┌─ MATERIAL FOR THE TASK

lemma lin_eval_eq_sum_lessThan:
  fixes f :: "'p::prime_card mod_ring poly"
  assumes "degree f < N"
  shows "lin_eval f x = (\<Sum>i<N. emb (Polynomial.coeff f i) * x ^ (CARD('p) ^ i))"
  unfolding lin_eval_def
  by (rule sum.mono_neutral_left) (use assms in \<open>auto simp: coeff_eq_0\<close>)

lemma lin_eval_0 [simp]: "lin_eval 0 x = 0"
  by (simp add: lin_eval_def)

lemma lin_eval_at_0 [simp]: "lin_eval (f :: 'p::prime_card mod_ring poly) (0 :: 'a::field) = 0"
proof -
  have "CARD('p) > 0" using prime_card[where 'a='p] prime_gt_0_nat by blast
  then show ?thesis
    by (simp add: lin_eval_def power_0_left)
qed

lemma lin_eval_add:
  assumes ch: "CHAR('a::field) = CARD('p::prime_card)"
  shows "lin_eval (f + g :: 'p mod_ring poly) (x :: 'a) = lin_eval f x + lin_eval g x"
proof -
  interpret field_hom "emb :: 'p mod_ring \<Rightarrow> 'a" by (rule emb_field_hom[OF ch])
  define N where "N = Suc (degree f + degree g)"
  have "degree (f + g) < N" "degree f < N" "degree g < N"
    unfolding N_def using degree_add_le_max[of f g] by linarith+
  then show ?thesis
    by (simp add: lin_eval_eq_sum_lessThan[where N=N] sum.distrib distrib_right hom_distribs)
qed

lemma lin_eval_smult:
  assumes ch: "CHAR('a::field) = CARD('p::prime_card)"
  shows "lin_eval (Polynomial.smult c f :: 'p mod_ring poly) (x :: 'a) = emb c * lin_eval f x"
proof -
  interpret field_hom "emb :: 'p mod_ring \<Rightarrow> 'a" by (rule emb_field_hom[OF ch])
  define N where "N = Suc (degree f)"
  have "degree (Polynomial.smult c f) < N" "degree f < N"
    unfolding N_def using degree_smult_le[of c f] by linarith+
  then show ?thesis
    by (simp add: lin_eval_eq_sum_lessThan[where N=N] sum_distrib_left mult.assoc hom_distribs)
qed

lemma lin_eval_diff:
  assumes ch: "CHAR('a::field) = CARD('p::prime_card)"
  shows "lin_eval (f - g :: 'p mod_ring poly) (x :: 'a) = lin_eval f x - lin_eval g x"
proof -
  interpret field_hom "emb :: 'p mod_ring \<Rightarrow> 'a" by (rule emb_field_hom[OF ch])
  have "f - g = f + Polynomial.smult (-1) g" by simp
  then show ?thesis
    by (simp only: lin_eval_add[OF ch] lin_eval_smult[OF ch]) (simp add: hom_distribs)
qed

lemma lin_eval_pCons:
  "lin_eval (pCons c f :: 'p::prime_card mod_ring poly) (x :: 'a::field)
     = emb c * x + lin_eval f (x ^ CARD('p))"
proof -
  define N where "N = Suc (degree f)"
  have "degree (pCons c f) < Suc N" "degree f < N"
    unfolding N_def using degree_pCons_le[of c f] by linarith+
  then show ?thesis
    by (simp add: lin_eval_eq_sum_lessThan sum.lessThan_Suc_shift power_mult del: sum.lessThan_Suc)
qed

lemma lin_eval_power_card:
  assumes ch: "CHAR('a::field) = CARD('p::prime_card)"
  shows "lin_eval (f :: 'p mod_ring poly) (x ^ CARD('p)) = lin_eval f (x :: 'a) ^ CARD('p)"
proof -
  have "prime CHAR('a)" using ch prime_card by simp
  then show ?thesis unfolding lin_eval_def
    by (subst freshmans_dream_sum[OF _ ch[symmetric]])
       (simp_all add: power_mult_distrib emb_power_card[OF ch] mult.commute flip: power_mult)
qed

lemma lin_eval_mult:
  assumes ch: "CHAR('a::field) = CARD('p::prime_card)"
  shows "lin_eval (f * g :: 'p mod_ring poly) (x :: 'a) = lin_eval f (lin_eval g x)"
proof (induction f)
  case (pCons c f)
  have "lin_eval (pCons c f * g) x = emb c * lin_eval g x + lin_eval (f * g) (x ^ CARD('p))"
    by (simp add: lin_eval_add[OF ch] lin_eval_smult[OF ch] lin_eval_pCons)
  also have "\<dots> = lin_eval (pCons c f) (lin_eval g x)"
    by (simp add: lin_eval_pCons lin_eval_power_card[OF ch] pCons.IH)
  finally show ?case .
qed simp

lemma lin_eval_monom_1:
  assumes ch: "CHAR('a::field) = CARD('p::prime_card)"
  shows "lin_eval (Polynomial.monom 1 m :: 'p mod_ring poly) (x :: 'a) = x ^ (CARD('p) ^ m)"
proof -
  interpret field_hom "emb :: 'p mod_ring \<Rightarrow> 'a" by (rule emb_field_hom[OF ch])
  have "emb (Polynomial.coeff (Polynomial.monom 1 m :: 'p mod_ring poly) i) * x ^ (CARD('p) ^ i)
     = (if i = m then x ^ (CARD('p) ^ m) else 0)" for i
    by (simp add: coeff_monom)
  then show ?thesis unfolding lin_eval_def by (simp add: degree_monom_eq)
qed

lemma lin_eval_1:
  assumes ch: "CHAR('a::field) = CARD('p::prime_card)"
  shows "lin_eval (1 :: 'p mod_ring poly) (x :: 'a) = x"
  using lin_eval_monom_1[OF ch, of 0 x] by (simp add: monom_0 one_pCons)

lemma coeff_linearized_power_card:
  "Polynomial.coeff (linearized f) (CARD('p) ^ i) = Polynomial.coeff (f :: 'p::prime_card mod_ring poly) i"
proof -
  have "CARD('p) > 1" using prime_card[where 'a='p] prime_gt_1_nat by blast
  then have "Polynomial.coeff (linearized f) (CARD('p) ^ i)
      = (\<Sum>j\<le>degree f. if j = i then Polynomial.coeff f j else 0)"
    unfolding linearized_def coeff_sum by (intro sum.cong refl) (auto simp: coeff_monom)
  also have "\<dots> = Polynomial.coeff f i"
    by (auto simp: coeff_eq_0)
  finally show ?thesis .
qed

lemma linearized_eq_sum_lessThan:
  fixes f :: "'p::prime_card mod_ring poly"
  assumes "degree f < N"
  shows "linearized f = (\<Sum>i<N. Polynomial.monom (Polynomial.coeff f i) (CARD('p) ^ i))"
  unfolding linearized_def
  by (rule sum.mono_neutral_left) (use assms in \<open>auto simp: coeff_eq_0\<close>)

lemma linearized_one_minus_monom:
  "linearized (1 - Polynomial.monom 1 k :: 'p::prime_card mod_ring poly)
     = [:0, 1:] - Polynomial.monom 1 (CARD('p) ^ k)"
proof -
  have "degree (1 - Polynomial.monom 1 k :: 'p mod_ring poly) \<le> k"
    by (intro degree_diff_le) (simp_all add: degree_monom_le)
  then have deg: "degree (1 - Polynomial.monom 1 k :: 'p mod_ring poly) < Suc k" by simp
  have "linearized (1 - Polynomial.monom 1 k :: 'p mod_ring poly)
      = (\<Sum>i<Suc k. (if i = 0 then Polynomial.monom 1 (CARD('p) ^ i) else 0)
                     - (if i = k then Polynomial.monom 1 (CARD('p) ^ i) else 0))"
    unfolding linearized_eq_sum_lessThan[OF deg]
    by (intro sum.cong refl) (auto simp: coeff_monom simp flip: diff_monom)
  also have "\<dots> = Polynomial.monom 1 1 - Polynomial.monom 1 (CARD('p) ^ k)"
    by (simp only: sum_subtractf sum.delta) simp
  also have "Polynomial.monom 1 1 = ([:0, 1:] :: 'p mod_ring poly)"
    by (simp add: monom_Suc monom_0)
  finally show ?thesis .
qed

lemma surj_lin_eval:
  assumes ch: "CHAR('a::alg_closed_field) = CARD('p::prime_card)" and "f \<noteq> 0"
  shows "surj (lin_eval (f :: 'p mod_ring poly) :: 'a \<Rightarrow> 'a)"
  unfolding surj_def
proof
  fix y :: 'a
  interpret field_hom "emb :: 'p mod_ring \<Rightarrow> 'a" by (rule emb_field_hom[OF ch])
  define Q :: "'a poly" where "Q = embp (linearized f)"
  have "Polynomial.coeff Q (CARD('p) ^ degree f) = emb (lead_coeff f)"
    unfolding Q_def embp_def by (simp add: coeff_linearized_power_card)
  also have "\<dots> \<noteq> 0" using \<open>f \<noteq> 0\<close> by simp
  finally have "CARD('p) ^ degree f \<le> degree Q" by (rule le_degree)
  moreover have "CARD('p) ^ degree f > 0" using prime_card[where 'a='p] prime_gt_0_nat by simp
  ultimately have "degree Q > 0" by linarith
  then have "degree (Q + [:-y:]) > 0" by (subst degree_add_eq_left) auto
  then obtain x where "poly (Q + [:-y:]) x = 0" using alg_closed_imp_poly_has_root by blast
  then show "\<exists>x. y = lin_eval f x" unfolding Q_def by (auto simp: poly_embp_linearized[OF ch])
qed

lemma lin_eval_inject:
  assumes ch: "CHAR('a::alg_closed_field) = CARD('p::prime_card)"
    and eq: "\<And>x :: 'a. lin_eval f x = lin_eval g x"
  shows "f = (g :: 'p mod_ring poly)"
proof (rule ccontr)
  assume "f \<noteq> g"
  then obtain x :: 'a where "1 = lin_eval (f - g) x"
    using surj_lin_eval[OF ch] by (metis right_minus_eq surjD)
  then show False by (simp add: lin_eval_diff[OF ch] eq)
qed

(* The field 'a only serves as a domain on which linearized polynomials are compared by value. *)
lemma mult_eq_of_pcompose_linearized:
  assumes ch: "CHAR('a::alg_closed_field) = CARD('p::prime_card)"
    and "pcompose (linearized f) (linearized g) = linearized (h :: 'p mod_ring poly)"
  shows "f * g = h"
proof (rule lin_eval_inject[OF ch])
  fix x :: 'a
  interpret field_hom "emb :: 'p mod_ring \<Rightarrow> 'a" by (rule emb_field_hom[OF ch])
  have "poly (embp (pcompose (linearized f) (linearized g))) x = lin_eval f (lin_eval g x)"
    by (simp add: embp_def map_poly_pcompose poly_pcompose
        flip: poly_embp_linearized[OF ch, unfolded embp_def])
  then show "lin_eval (f * g) x = lin_eval h x"
    using assms(2) by (simp add: lin_eval_mult[OF ch] poly_embp_linearized[OF ch])
qed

└─

§ **EXERCISE BRIEF**
Which lines above run from the one containing "unfolding Q_def embp_def" to the one containing "(subst degree_add_eq_left) auto"? Give them again exactly, both ends included.

§ **WRITTEN RESPONSE**
    unfolding Q_def embp_def by (simp add: coeff_linearized_power_card)
  also have "\<dots> \<noteq> 0" using \<open>f \<noteq> 0\<close> by simp
  finally have "CARD('p) ^ degree f \<le> degree Q" by (rule le_degree)
  moreover have "CARD('p) ^ degree f > 0" using prime_card[where 'a='p] prime_gt_0_nat by simp
  ultimately have "degree Q > 0" by linarith
  then have "degree (Q + [:-y:]) > 0" by (subst degree_add_eq_left) auto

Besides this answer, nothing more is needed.